Predicting Rugby 7s Positions with Match-Play Statistics
The American Statistical Association for its 2019 Datafest, provided teams with a large dataset featuring one season’s worth of self-reported wellness data, training data, match results and match-play data for the Canadian Female Rugby team. The objective proposed by the organizers was simply to derive some insights from it. In choosing how to analyze the data, we found that because there were so few match results, it wouldn’t be statistically sound to attempt to find correlations. Instead, we found that we could make very accurate predictions about how obedient players were about the positions they were supposed to play on a second-to-second basis.

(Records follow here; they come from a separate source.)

text \<open>For \<open>\<xi>\<close> in the limit set and every \<open>n\<close>, \<open>\<xi>\<close> lies in a basic interval
  \<open>J\<^sub>n = f\<^sub>y\<^sub>1 \<circ> \<dots> \<circ> f\<^sub>y\<^sub>n (X)\<close>. The Gibbs property gives \<open>\<nu>(J\<^sub>n) \<ge> exp (S\<^sub>n \<psi>) / C\<close>, and
  since the \<open>f\<^sub>a\<close> have Hoelder continuous derivatives bounded away from \<open>0\<close>, their distortion on
  small intervals is arbitrarily close to \<open>1\<close>, so \<open>|J\<^sub>n| \<le> exp (c + S\<^sub>n \<phi> + n \<epsilon>)\<close> for any
  \<open>\<epsilon> > 0\<close>. By compactness of the code space \<open>\<psi> - \<alpha> \<phi> \<ge> \<gamma> > 0\<close>, hence
  \<open>\<nu>(J\<^sub>n) / |J\<^sub>n|\<^sup>\<alpha>\<close> grows like \<open>exp (n \<gamma> / 2)\<close>. One side of \<open>\<xi>\<close> within distance \<open>|J\<^sub>n|\<close>
  carries half of that mass, which produces points \<open>\<eta> \<rightarrow> \<xi>\<close> with unbounded Hoelder quotient.\<close>

definition diam_le :: "real set \<Rightarrow> real \<Rightarrow> bool" where
  "diam_le S D \<longleftrightarrow> (\<forall>u\<in>S. \<forall>v\<in>S. \<bar>u - v\<bar> \<le> D)"

lemma diam_le_mono: "diam_le S D \<Longrightarrow> D \<le> D' \<Longrightarrow> diam_le S D'"
  unfolding diam_le_def by force

lemma diam_le_min: "diam_le S D \<Longrightarrow> diam_le S D' \<Longrightarrow> diam_le S (min D D')"
  unfolding diam_le_def by auto

lemma diam_le_subset_Icc: "diam_le S D \<Longrightarrow> x \<in> S \<Longrightarrow> S \<subseteq> {x - D..x + D}"
  unfolding diam_le_def by (force simp: abs_le_iff)

lemma ex_uniform_less:
  fixes P :: "nat \<Rightarrow> 'b::linorder \<Rightarrow> bool"
  assumes "\<forall>a\<le>d. \<exists>c<u. P a c"
    and mono: "\<And>a c c'. P a c \<Longrightarrow> c \<le> c' \<Longrightarrow> P a c'"
  shows "\<exists>c<u. \<forall>a\<le>d. P a c"
  using assms(1)
proof (induction d)
  case 0 then show ?case by auto
next
  case (Suc d)
  then obtain c c' where "c < u" "\<forall>a\<le>d. P a c" "c' < u" "P (Suc d) c'"
    by (metis le_SucI order_refl)
  then show ?case
    by (intro exI[of _ "max c c'"]) (metis le_Suc_eq max.cobounded1 max.cobounded2 max_less_iff_conj mono)
qed

lemma ex_uniform_greater:
  fixes P :: "nat \<Rightarrow> 'b::linorder \<Rightarrow> bool"
  assumes "\<forall>a\<le>d. \<exists>c>u. P a c"
    and mono: "\<And>a c c'. P a c \<Longrightarrow> u < c' \<Longrightarrow> c' \<le> c \<Longrightarrow> P a c'"
  shows "\<exists>c>u. \<forall>a\<le>d. P a c"
  using assms(1)
proof (induction d)
  case 0 then show ?case by auto
next
  case (Suc d)
  then obtain c c' where "u < c" "\<forall>a\<le>d. P a c" "u < c'" "P (Suc d) c'"
    by (metis le_SucI order_refl)
  then show ?case
    by (intro exI[of _ "min c c'"]) (metis le_Suc_eq min.cobounded1 min.cobounded2 min_less_iff_conj mono)
qed

lemma powr_le_if_small:
  fixes C e0 e :: real
  assumes "0 < e0" "0 < e"
  shows "\<exists>\<delta>>0. \<forall>z. 0 \<le> z \<longrightarrow> z \<le> \<delta> \<longrightarrow> C * z powr e0 \<le> e"
proof (intro exI[of _ "(e/(\<bar>C\<bar>+1)) powr (1/e0)"] conjI allI impI)
  show "0 < (e/(\<bar>C\<bar>+1)) powr (1/e0)" using assms by simp
  fix z :: real assume z: "0 \<le> z" "z \<le> (e/(\<bar>C\<bar>+1)) powr (1/e0)"
  have "z powr e0 \<le> ((e/(\<bar>C\<bar>+1)) powr (1/e0)) powr e0"
    using z assms by (intro powr_mono2) auto
  also have "\<dots> = e/(\<bar>C\<bar>+1)" using assms by (simp add: powr_powr)
  finally have "z powr e0 \<le> e/(\<bar>C\<bar>+1)" .
  then have "\<bar>C\<bar> * z powr e0 \<le> \<bar>C\<bar> * (e/(\<bar>C\<bar>+1))" by (intro mult_left_mono) auto
  also have "\<dots> \<le> e" using assms by (simp add: field_simps)
  finally show "C * z powr e0 \<le> e" by (smt (verit) mult_right_mono powr_ge_zero)
qed

lemma holder_continuous_on:
  fixes h :: "real \<Rightarrow> real"
  assumes "0 < e0" and holder: "\<forall>s\<in>S. \<forall>t\<in>S. \<bar>h s - h t\<bar> \<le> C * \<bar>s - t\<bar> powr e0"
  shows "continuous_on S h"
  unfolding continuous_on_iff
proof (intro ballI allI impI)
  fix x e :: real assume x: "x \<in> S" and e: "0 < e"
  obtain \<delta> where \<delta>: "\<delta> > 0" "\<forall>z. 0 \<le> z \<longrightarrow> z \<le> \<delta> \<longrightarrow> C * z powr e0 \<le> e/2"
    using powr_le_if_small[OF \<open>0 < e0\<close>, of "e/2" C] e by auto
  show "\<exists>d>0. \<forall>x'\<in>S. dist x' x < d \<longrightarrow> dist (h x') (h x) < e"
  proof (intro exI[of _ \<delta>] conjI ballI impI)
    fix x' assume x': "x' \<in> S" "dist x' x < \<delta>"
    have "\<bar>h x' - h x\<bar> \<le> C * \<bar>x' - x\<bar> powr e0" using holder x x' by blast
    also have "\<dots> \<le> e/2" using \<delta> x' by (auto simp: dist_real_def)
    finally show "dist (h x') (h x) < e" using e by (simp add: dist_real_def)
  qed (rule \<delta>(1))
qed

lemma abs_ln_diff_le:
  fixes m u v :: real
  assumes "0 < m" "m \<le> u" "m \<le> v"
  shows "\<bar>ln u - ln v\<bar> \<le> \<bar>u - v\<bar> / m"
proof -
  have k: "ln a - ln b \<le> \<bar>a - b\<bar> / m" if "m \<le> a" "m \<le> b" for a b
  proof -
    have "ln a - ln b = ln (a / b)" using that assms by (simp add: ln_div)
    also have "\<dots> \<le> a / b - 1" using that assms by (intro ln_le_minus_one) auto
    also have "\<dots> = (a - b) / b" using that assms by (simp add: field_simps)
    also have "\<dots> \<le> \<bar>a - b\<bar> / b" using that assms by (intro divide_right_mono) auto
    also have "\<dots> \<le> \<bar>a - b\<bar> / m" using that assms by (intro divide_left_mono) auto
    finally show ?thesis .
  qed
  show ?thesis using k[of u v] k[of v u] assms by (auto simp: abs_minus_commute)
qed

lemma Limsup_at_eq_infinityI:
  fixes g :: "'a::metric_space \<Rightarrow> real"
  assumes "\<And>M \<delta>. 0 < \<delta> \<Longrightarrow> \<exists>\<eta>. \<eta> \<noteq> \<xi> \<and> dist \<eta> \<xi> < \<delta> \<and> M \<le> g \<eta>"
  shows "Limsup (at \<xi>) (\<lambda>\<eta>. ereal (g \<eta>)) = \<infinity>"
proof (rule ereal_top)
  fix M :: real
  show "ereal M \<le> Limsup (at \<xi>) (\<lambda>\<eta>. ereal (g \<eta>))"
    unfolding Limsup_def
  proof (rule INF_greatest)
    fix P assume "P \<in> {P. eventually P (at \<xi>)}"
    then obtain \<delta> where \<delta>: "\<delta> > 0" "\<forall>x. x \<noteq> \<xi> \<and> dist x \<xi> < \<delta> \<longrightarrow> P x"
      unfolding eventually_at by auto
    obtain \<eta> where "\<eta> \<noteq> \<xi>" "dist \<eta> \<xi> < \<delta>" "M \<le> g \<eta>" using assms \<delta>(1) by blast
    then show "ereal M \<le> (SUP x\<in>{x. P x}. ereal (g x))"
      by (intro SUP_upper2[of \<eta>]) (use \<delta> in auto)
  qed
qed

lemma distr_fun_diff:
  assumes "finite_measure \<nu>" "sets \<nu> = sets borel" "u \<le> v"
  shows "distr_fun \<nu> v - distr_fun \<nu> u = measure \<nu> {u<..v}"
proof -
  interpret finite_measure \<nu> by (rule assms(1))
  have "{..v} - {..u} = {u<..v}" by auto
  then show ?thesis
    using assms(2,3) finite_measure_Diff[of "{..v}" "{..u}"] by (simp add: distr_fun_def)
qed

text \<open>One of the two half-intervals around \<open>\<xi>\<close> carries half of the mass of \<open>[\<xi> - D, \<xi> + D]\<close>;
  the jump of the distribution function across that half is witnessed at \<open>\<xi> + D\<close> or \<open>\<xi> - 2D\<close>.\<close>
lemma distr_fun_oscillation:
  assumes fin: "finite_measure \<nu>" and sets: "sets \<nu> = sets borel" and "0 < D"
  shows "\<exists>\<eta>. \<eta> \<noteq> \<xi> \<and> \<bar>\<eta> - \<xi>\<bar> \<le> 2 * D \<and>
           measure \<nu> {\<xi> - D..\<xi> + D} \<le> 2 * \<bar>distr_fun \<nu> \<eta> - distr_fun \<nu> \<xi>\<bar>"
proof -
  interpret finite_measure \<nu> by (rule fin)
  have split: "measure \<nu> {\<xi> - D..\<xi> + D} \<le> measure \<nu> {\<xi> - D..\<xi>} + measure \<nu> {\<xi><..\<xi> + D}"
  proof -
    have "{\<xi> - D..\<xi> + D} = {\<xi> - D..\<xi>} \<union> {\<xi><..\<xi> + D}" using \<open>0 < D\<close> by auto
    then show ?thesis using sets by (simp add: measure_Un_le)
  qed
  show ?thesis
  proof (cases "measure \<nu> {\<xi> - D..\<xi>} \<le> measure \<nu> {\<xi><..\<xi> + D}")
    case True
    have "distr_fun \<nu> (\<xi> + D) - distr_fun \<nu> \<xi> = measure \<nu> {\<xi><..\<xi> + D}"
      using distr_fun_diff[OF fin sets] \<open>0 < D\<close> by simp
    then show ?thesis using True split \<open>0 < D\<close> by (intro exI[of _ "\<xi> + D"]) auto
  next
    case False
    have "distr_fun \<nu> \<xi> - distr_fun \<nu> (\<xi> - 2 * D) = measure \<nu> {\<xi> - 2 * D<..\<xi>}"
      using distr_fun_diff[OF fin sets] \<open>0 < D\<close> by simp
    moreover have "measure \<nu> {\<xi> - D..\<xi>} \<le> measure \<nu> {\<xi> - 2 * D<..\<xi>}"
      using sets \<open>0 < D\<close> by (intro finite_measure_mono) auto
    ultimately show ?thesis using False split \<open>0 < D\<close>
      by (intro exI[of _ "\<xi> - 2 * D"]) (auto simp: abs_minus_commute)
  qed
qed

lemma ifs_setting_interval:
  assumes "ifs_setting d X f" and "x \<in> X"
  shows "\<exists>l r. X = {l..r} \<and> l < r"
proof -
  have "compact X" "connected X" "f 0 x \<in> interior X"
    using assms unfolding ifs_setting_def by auto
  moreover obtain l r where lr: "X = {l..r}"
    using connected_compact_interval_1 \<open>compact X\<close> \<open>connected X\<close> by blast
  ultimately have "l < r" by (cases "l < r") auto
  then show ?thesis using lr by blast
qed

lemma comp_word_Nil [simp]: "comp_word f [] = id"
  by (simp add: comp_word_def)

lemma comp_word_Cons [simp]: "comp_word f (a # w) = f a \<circ> comp_word f w"
  by (simp add: comp_word_def)

lemma comp_word_append: "comp_word f (u @ v) = comp_word f u \<circ> comp_word f v"
  by (induction u) auto

lemma funpow_shift_apply: "(shift ^^ k) x i = x (k + i)"
  by (induction k arbitrary: i) (auto simp: shift_def)

lemma funpow_shift_seqs: "x \<in> seqs d \<Longrightarrow> (shift ^^ k) x \<in> seqs d"
  by (auto simp: seqs_def funpow_shift_apply)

How consistently professional rugby players, or any team sport players for that matter, stick to the positions determined by the coach can be the difference between winning and losing matches. We:
• Leveraged millions of geospatial time-series data points from the Canadian Female Rugby 7s team season-long match-play data to get summary statistics on a second per second basis.
• Implemented two unsupervised models to predict the player positions at any given moment during any given game. One was a decision tree based on speed, distance and acceleration distributions drawn from a Rugby-specific academic paper. The other was a k-means model with k=6 accounting for 5 player positions and the bench. These models yielded an accuracy of 73% and 82% respectively.
• Won “Best Use of External Data” at American Statistical Association (ASA) Datafest 2019 competition.
Summary
Using data from the Canadian female rugby team, my team and I won the American Statistical Association’s “Best Use of External Data” at their 2019 Datafest competition by predicting how well each player stuck the position they were assigned to play.